Co do przyszłości to jest ona mglista ale widzę przebijające się z niej błyski ciepłego różowego światła i miły zapach.Ciekawe co to za zapach.Nie potrafię go zidentyfikować.W każdym razie jest on przyjemny.Tak jak przyszłość.
Myślę o przyszłości a nie potrafię nawet sobie określić co będę robić jutro.Ba, nie wiem co będę robić dziś wieczorem.Znów wylądują na dachu N. i będę oglądać gwiazdy jedząc zapiekanki i pijąc whisky.Liczę na kreatywność ze strony znajomych.

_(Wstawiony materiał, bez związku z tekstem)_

lemma powr_one_minus_telescope:
  fixes g :: "nat \<Rightarrow> real" and a c \<alpha> :: real
  assumes a: "0 < a" and \<alpha>: "\<alpha> > 1" and c: "c \<ge> 0"
    and steps: "\<And>k. k < N \<Longrightarrow> a \<le> g k \<and> g k \<le> g (Suc k) \<and> c * g k powr \<alpha> \<le> g (Suc k) - g k"
  shows "(\<alpha> - 1) * c * (real N - \<alpha> / a * (g N - g 0)) \<le> g 0 powr (1 - \<alpha>) - g N powr (1 - \<alpha>)"
proof -
  have "(\<Sum>k<N. 1 - \<alpha> * (g (Suc k) - g k) / a) = real N - (\<Sum>k<N. \<alpha> * (g (Suc k) - g k) / a)"
    by (simp only: sum_subtractf) simp
  also have "(\<Sum>k<N. \<alpha> * (g (Suc k) - g k) / a) = \<alpha> / a * (\<Sum>k<N. g (Suc k) - g k)"
    by (simp add: sum_distrib_left)
  finally have "(\<Sum>k<N. 1 - \<alpha> * (g (Suc k) - g k) / a) = real N - \<alpha> / a * (g N - g 0)"
    by (simp only: sum_lessThan_telescope)
  then have "(\<alpha> - 1) * c * (real N - \<alpha> / a * (g N - g 0))
      = (\<alpha> - 1) * c * (\<Sum>k<N. 1 - \<alpha> * (g (Suc k) - g k) / a)"
    by simp
  also have "\<dots> = (\<Sum>k<N. (\<alpha> - 1) * c * (1 - \<alpha> * (g (Suc k) - g k) / a))"
    by (rule sum_distrib_left)
  also have "\<dots> \<le> (\<Sum>k<N. g k powr (1 - \<alpha>) - g (Suc k) powr (1 - \<alpha>))"
    using steps a \<alpha> c by (intro sum_mono powr_one_minus_decrement) auto
  also have "\<dots> = g 0 powr (1 - \<alpha>) - g N powr (1 - \<alpha>)"
    by (rule sum_lessThan_telescope')
  finally show ?thesis .
qed

lemma superlinear_growth_grid_bound:
  fixes G :: "real \<Rightarrow> real" and B t \<alpha> :: real and N :: nat
  assumes \<alpha>: "\<alpha> > 1" and B: "B > 0" and t: "t > 0" and a: "G 0 > 0" and N: "N \<ge> 1"
    and growth: "\<And>r s. 0 \<le> r \<Longrightarrow> r \<le> s \<Longrightarrow> s \<le> t \<Longrightarrow> B * (s - r) * G r powr \<alpha> \<le> G s - G r"
  shows "(\<alpha> - 1) * B * t - (\<alpha> - 1) * B * \<alpha> * t * (G t - G 0) / (G 0 * real N) \<le> G 0 powr (1 - \<alpha>)"
proof -
  have mono: "G r \<le> G s" if "0 \<le> r" "r \<le> s" "s \<le> t" for r s
  proof -
    have "0 \<le> B * (s - r) * G r powr \<alpha>" using B that by simp
    then show ?thesis using growth[OF that] by linarith
  qed
  define d where "d = t / real N"
  have d: "0 \<le> d" using t by (simp add: d_def)
  have grid: "0 \<le> real k * d" "real k * d \<le> t" if "k \<le> N" for k
    using that N t by (auto simp: d_def field_simps)
  have "(\<alpha> - 1) * (B * d) * (real N - \<alpha> / G 0 * (G (real N * d) - G (real 0 * d)))
      \<le> G (real 0 * d) powr (1 - \<alpha>) - G (real N * d) powr (1 - \<alpha>)"
  proof (rule powr_one_minus_telescope[OF a \<alpha>])
    show "0 \<le> B * d" using B d by simp
    fix k assume k: "k < N"
    have kd: "real k * d \<le> real (Suc k) * d" using d by (intro mult_right_mono) auto
    have "B * (real (Suc k) * d - real k * d) * G (real k * d) powr \<alpha>
        \<le> G (real (Suc k) * d) - G (real k * d)"
      using grid[of k] grid[of "Suc k"] k kd by (intro growth) auto
    moreover have "G (real k * d) \<le> G (real (Suc k) * d)"
      using grid[of k] grid[of "Suc k"] k kd by (intro mono) auto
    moreover have "G 0 \<le> G (real k * d)" using grid[of k] k by (intro mono) auto
    ultimately show "G 0 \<le> G (real k * d) \<and> G (real k * d) \<le> G (real (Suc k) * d) \<and>
        B * d * G (real k * d) powr \<alpha> \<le> G (real (Suc k) * d) - G (real k * d)"
      by (simp add: algebra_simps)
  qed
  moreover have "real N * d = t" using N by (simp add: d_def)
  moreover have "(\<alpha> - 1) * (B * d) * (real N - \<alpha> / G 0 * (G t - G 0))
      = (\<alpha> - 1) * B * t - (\<alpha> - 1) * B * \<alpha> * t * (G t - G 0) / (G 0 * real N)"
    using N a by (simp add: d_def field_simps)
  ultimately have "(\<alpha> - 1) * B * t - (\<alpha> - 1) * B * \<alpha> * t * (G t - G 0) / (G 0 * real N)
      \<le> G 0 powr (1 - \<alpha>) - G t powr (1 - \<alpha>)"
    by simp
  then show ?thesis using powr_ge_zero[of "G t" "1 - \<alpha>"] by linarith
qed

lemma superlinear_growth_time_bound:
  fixes G :: "real \<Rightarrow> real" and B t \<alpha> :: real
  assumes \<alpha>: "\<alpha> > 1" and B: "B > 0" and t: "t > 0" and G0: "G 0 \<ge> 0"
    and growth: "\<And>r s. 0 \<le> r \<Longrightarrow> r \<le> s \<Longrightarrow> s \<le> t \<Longrightarrow> B * (s - r) * G r powr \<alpha> \<le> G s - G r"
  shows "G 0 \<le> ((\<alpha> - 1) * B * t) powr (-1 / (\<alpha> - 1))"
proof (cases "G 0 = 0")
  case False
  define a where "a = G 0"
  have a: "a > 0" using G0 False by (simp add: a_def)
  define C where "C = (\<alpha> - 1) * B * \<alpha> * t * (G t - a) / a"
  have "(\<alpha> - 1) * B * t - C / real N \<le> a powr (1 - \<alpha>)" if "N \<ge> 1" for N
    using superlinear_growth_grid_bound[OF \<alpha> B t _ that growth] a by (simp add: a_def C_def)
  then have "(\<alpha> - 1) * B * t \<le> a powr (1 - \<alpha>)"
    by (intro LIMSEQ_le_const2[of "\<lambda>N. (\<alpha> - 1) * B * t - C / real N"])
       (auto intro!: tendsto_eq_intros lim_const_over_n)
  then have "(a powr (1 - \<alpha>)) powr (-1 / (\<alpha> - 1)) \<le> ((\<alpha> - 1) * B * t) powr (-1 / (\<alpha> - 1))"
    using \<alpha> B t by (intro powr_mono2') auto
  moreover have "(1 - \<alpha>) * (-1 / (\<alpha> - 1)) = 1" using \<alpha> by (simp add: field_simps)
  then have "(a powr (1 - \<alpha>)) powr (-1 / (\<alpha> - 1)) = a"
    using a by (simp add: powr_powr)
  ultimately show ?thesis by (simp add: a_def)
qed simp

lemma powr_blowup_scaling:
  fixes t B \<alpha> :: real
  assumes "t > 0" "B > 0" "\<alpha> > 1"
  shows "t powr (1 / (\<alpha> - 1)) * ((\<alpha> - 1) * B * t) powr (-1 / (\<alpha> - 1)) = (B * (\<alpha> - 1)) powr (-1 / (\<alpha> - 1))"
proof -
  have "((\<alpha> - 1) * B * t) powr (-1 / (\<alpha> - 1)) = (B * (\<alpha> - 1)) powr (-1 / (\<alpha> - 1)) * t powr (-1 / (\<alpha> - 1))"
    using assms by (simp add: powr_mult mult_ac)
  moreover have "t powr (1 / (\<alpha> - 1)) * t powr (-1 / (\<alpha> - 1)) = 1"
    using assms by (simp add: powr_add[symmetric])
  ultimately show ?thesis by (simp add: mult_ac)
qed

lemma nn_integral_superlinear_increment:
  fixes h G :: "real \<Rightarrow> ennreal" and a :: ennreal and B t \<alpha> :: real
  assumes h[measurable]: "h \<in> borel_measurable lborel"
    and G_eq: "\<And>\<tau>. G \<tau> = a + ennreal B * (\<integral>\<^sup>+s. indicator {0..\<tau>} s * h s \<partial>lborel)"
    and \<alpha>: "\<alpha> \<ge> 0" and B: "B \<ge> 0" and G_fin: "G t < \<infinity>"
    and super: "AE \<sigma> in lborel. 0 < \<sigma> \<longrightarrow> \<sigma> < t \<longrightarrow> ennreal (enn2real (G \<sigma>) powr \<alpha>) \<le> h \<sigma>"
    and rs: "0 \<le> r" "r \<le> s" "s \<le> t"
  shows "G r + ennreal (B * (s - r) * enn2real (G r) powr \<alpha>) \<le> G s"
proof -
  have mono: "G r' \<le> G s'" if "r' \<le> s'" for r' s'
    unfolding G_eq using that
    by (intro add_left_mono mult_left_mono nn_integral_mono) (auto split: split_indicator)
  define c where "c = enn2real (G r) powr \<alpha>"
  have "ennreal c * ennreal (s - r) = (\<integral>\<^sup>+\<sigma>. ennreal c * indicator {r<..s} \<sigma> \<partial>lborel)"
    using rs by (simp add: nn_integral_cmult_indicator)
  also have "\<dots> \<le> (\<integral>\<^sup>+\<sigma>. indicator {r<..s} \<sigma> * h \<sigma> \<partial>lborel)"
    using super AE_lborel_singleton[of t]
  proof (intro nn_integral_mono_AE, eventually_elim)
    case (elim \<sigma>)
    show ?case
    proof (cases "\<sigma> \<in> {r<..s}")
      case True
      then have \<sigma>: "0 < \<sigma>" "\<sigma> < t" using rs elim by auto
      have "enn2real (G r) \<le> enn2real (G \<sigma>)"
        using mono[of r \<sigma>] mono[of \<sigma> t] G_fin True \<sigma> by (intro enn2real_mono) auto
      then have "c \<le> enn2real (G \<sigma>) powr \<alpha>" unfolding c_def using \<alpha> by (intro powr_mono2) auto
      then have "ennreal c \<le> h \<sigma>" using elim \<sigma> by (meson ennreal_leI order_trans)
      then show ?thesis using True by simp
    qed simp
  qed
  finally have c_le: "ennreal c * ennreal (s - r) \<le> (\<integral>\<^sup>+\<sigma>. indicator {r<..s} \<sigma> * h \<sigma> \<partial>lborel)" .
  have "(\<integral>\<^sup>+\<sigma>. indicator {0..s} \<sigma> * h \<sigma> \<partial>lborel)
      = (\<integral>\<^sup>+\<sigma>. indicator {0..r} \<sigma> * h \<sigma> + indicator {r<..s} \<sigma> * h \<sigma> \<partial>lborel)"
    using rs by (intro nn_integral_cong) (auto split: split_indicator)
  also have "\<dots> = (\<integral>\<^sup>+\<sigma>. indicator {0..r} \<sigma> * h \<sigma> \<partial>lborel) + (\<integral>\<^sup>+\<sigma>. indicator {r<..s} \<sigma> * h \<sigma> \<partial>lborel)"
    by (rule nn_integral_add) measurable
  finally have split: "G s = G r + ennreal B * (\<integral>\<^sup>+\<sigma>. indicator {r<..s} \<sigma> * h \<sigma> \<partial>lborel)"
    unfolding G_eq by (simp add: distrib_left add.assoc)
  have "ennreal (B * (s - r) * c) = ennreal B * (ennreal c * ennreal (s - r))"
    using B rs by (simp add: c_def ennreal_mult mult_ac)
  with c_le split show ?thesis
    by (simp add: c_def) (metis add_left_mono mult_left_mono zero_le)
qed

Jeśli przekonali mnie do pójścia na karaoke to może i przekonają mnie do pójścia na koncert jakieś miejscowego zespołu.Chociaż i tak wszystko kończy się w ogródku u N.

Nie wiem dlaczego ale chce mi się śpiewać 'Walkirię" Wagnera.Rzecz jasna nie znam słów i robię to łamanym niemieckim usłyszanym kiedyś w jakieś kreskówce.Może to przez jej hełm?
You've got the love.
3 komentarze:
mi się łza kręci na myśl o tym,że nadchodzący rok szkolny będzie ostatnim w naszym młodzieńczo-beztroskim życiu.
Widzę,że też gustujesz w degustacji jedzenia na dachu! ;)
Mi łza się kręci na myśl,że już nigdy nie usiądę w szkolnej ławie.Nie doceniałam szkoły.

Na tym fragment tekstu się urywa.